How to complete this task
Retype every entry exactly, character for character.
** Supplied material follows **
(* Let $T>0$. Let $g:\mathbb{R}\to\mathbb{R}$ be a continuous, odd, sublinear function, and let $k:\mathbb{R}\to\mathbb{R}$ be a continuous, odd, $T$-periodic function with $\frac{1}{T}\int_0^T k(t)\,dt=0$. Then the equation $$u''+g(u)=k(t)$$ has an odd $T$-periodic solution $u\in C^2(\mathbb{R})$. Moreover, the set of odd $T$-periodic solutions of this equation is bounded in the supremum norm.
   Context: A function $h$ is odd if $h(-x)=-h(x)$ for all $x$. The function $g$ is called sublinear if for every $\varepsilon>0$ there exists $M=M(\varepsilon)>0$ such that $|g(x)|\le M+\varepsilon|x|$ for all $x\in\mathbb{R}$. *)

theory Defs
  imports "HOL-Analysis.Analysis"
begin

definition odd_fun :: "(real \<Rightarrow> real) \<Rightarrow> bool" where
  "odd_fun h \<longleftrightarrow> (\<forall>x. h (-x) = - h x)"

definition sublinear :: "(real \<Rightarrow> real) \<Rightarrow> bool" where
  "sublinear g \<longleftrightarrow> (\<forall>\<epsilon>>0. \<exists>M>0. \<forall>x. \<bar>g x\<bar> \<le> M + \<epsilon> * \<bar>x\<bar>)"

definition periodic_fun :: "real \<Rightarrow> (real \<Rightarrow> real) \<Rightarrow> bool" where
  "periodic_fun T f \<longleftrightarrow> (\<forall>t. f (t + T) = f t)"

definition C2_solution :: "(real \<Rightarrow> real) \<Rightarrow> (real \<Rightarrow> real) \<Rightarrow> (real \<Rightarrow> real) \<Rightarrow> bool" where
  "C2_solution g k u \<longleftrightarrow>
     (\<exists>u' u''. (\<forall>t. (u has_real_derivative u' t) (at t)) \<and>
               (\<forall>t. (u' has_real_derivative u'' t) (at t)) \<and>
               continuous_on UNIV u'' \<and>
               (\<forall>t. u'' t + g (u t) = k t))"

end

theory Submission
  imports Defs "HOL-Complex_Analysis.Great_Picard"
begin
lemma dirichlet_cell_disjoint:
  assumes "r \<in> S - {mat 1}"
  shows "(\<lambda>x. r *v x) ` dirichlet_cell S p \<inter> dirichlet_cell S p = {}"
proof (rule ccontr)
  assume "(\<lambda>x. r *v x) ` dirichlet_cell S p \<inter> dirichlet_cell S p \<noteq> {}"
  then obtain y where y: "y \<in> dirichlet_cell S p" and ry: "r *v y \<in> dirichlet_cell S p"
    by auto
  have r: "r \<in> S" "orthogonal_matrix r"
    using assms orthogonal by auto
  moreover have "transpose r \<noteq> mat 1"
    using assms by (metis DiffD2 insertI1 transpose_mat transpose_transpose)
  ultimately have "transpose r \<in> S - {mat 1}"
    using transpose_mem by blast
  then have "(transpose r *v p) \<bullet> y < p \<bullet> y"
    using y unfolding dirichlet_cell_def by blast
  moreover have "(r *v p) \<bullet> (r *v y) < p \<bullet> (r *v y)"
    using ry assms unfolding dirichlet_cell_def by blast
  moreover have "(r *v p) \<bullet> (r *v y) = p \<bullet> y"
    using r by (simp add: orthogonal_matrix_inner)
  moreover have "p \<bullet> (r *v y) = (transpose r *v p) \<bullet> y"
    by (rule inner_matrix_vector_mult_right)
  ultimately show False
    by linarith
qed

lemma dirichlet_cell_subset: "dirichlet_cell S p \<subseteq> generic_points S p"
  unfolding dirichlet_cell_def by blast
** End of Supplied material **
Exercise response
(* Let $T>0$. Let $g:\mathbb{R}\to\mathbb{R}$ be a continuous, odd, sublinear function, and let $k:\mathbb{R}\to\mathbb{R}$ be a continuous, odd, $T$-periodic function with $\frac{1}{T}\int_0^T k(t)\,dt=0$. Then the equation $$u''+g(u)=k(t)$$ has an odd $T$-periodic solution $u\in C^2(\mathbb{R})$. Moreover, the set of odd $T$-periodic solutions of this equation is bounded in the supremum norm.
   Context: A function $h$ is odd if $h(-x)=-h(x)$ for all $x$. The function $g$ is called sublinear if for every $\varepsilon>0$ there exists $M=M(\varepsilon)>0$ such that $|g(x)|\le M+\varepsilon|x|$ for all $x\in\mathbb{R}$. *)

theory Defs
  imports "HOL-Analysis.Analysis"
begin

definition odd_fun :: "(real \<Rightarrow> real) \<Rightarrow> bool" where
  "odd_fun h \<longleftrightarrow> (\<forall>x. h (-x) = - h x)"

definition sublinear :: "(real \<Rightarrow> real) \<Rightarrow> bool" where
  "sublinear g \<longleftrightarrow> (\<forall>\<epsilon>>0. \<exists>M>0. \<forall>x. \<bar>g x\<bar> \<le> M + \<epsilon> * \<bar>x\<bar>)"

definition periodic_fun :: "real \<Rightarrow> (real \<Rightarrow> real) \<Rightarrow> bool" where
  "periodic_fun T f \<longleftrightarrow> (\<forall>t. f (t + T) = f t)"

definition C2_solution :: "(real \<Rightarrow> real) \<Rightarrow> (real \<Rightarrow> real) \<Rightarrow> (real \<Rightarrow> real) \<Rightarrow> bool" where
  "C2_solution g k u \<longleftrightarrow>
     (\<exists>u' u''. (\<forall>t. (u has_real_derivative u' t) (at t)) \<and>
               (\<forall>t. (u' has_real_derivative u'' t) (at t)) \<and>
               continuous_on UNIV u'' \<and>
               (\<forall>t. u'' t + g (u t) = k t))"

end

theory Submission
  imports Defs "HOL-Complex_Analysis.Great_Picard"
begin
lemma dirichlet_cell_disjoint:
  assumes "r \<in> S - {mat 1}"
  shows "(\<lambda>x. r *v x) ` dirichlet_cell S p \<inter> dirichlet_cell S p = {}"
proof (rule ccontr)
  assume "(\<lambda>x. r *v x) ` dirichlet_cell S p \<inter> dirichlet_cell S p \<noteq> {}"
  then obtain y where y: "y \<in> dirichlet_cell S p" and ry: "r *v y \<in> dirichlet_cell S p"
    by auto
  have r: "r \<in> S" "orthogonal_matrix r"
    using assms orthogonal by auto
  moreover have "transpose r \<noteq> mat 1"
    using assms by (metis DiffD2 insertI1 transpose_mat transpose_transpose)
  ultimately have "transpose r \<in> S - {mat 1}"
    using transpose_mem by blast
  then have "(transpose r *v p) \<bullet> y < p \<bullet> y"
    using y unfolding dirichlet_cell_def by blast
  moreover have "(r *v p) \<bullet> (r *v y) < p \<bullet> (r *v y)"
    using ry assms unfolding dirichlet_cell_def by blast
  moreover have "(r *v p) \<bullet> (r *v y) = p \<bullet> y"
    using r by (simp add: orthogonal_matrix_inner)
  moreover have "p \<bullet> (r *v y) = (transpose r *v p) \<bullet> y"
    by (rule inner_matrix_vector_mult_right)
  ultimately show False
    by linarith
qed

lemma dirichlet_cell_subset: "dirichlet_cell S p \<subseteq> generic_points S p"
  unfolding dirichlet_cell_def by blast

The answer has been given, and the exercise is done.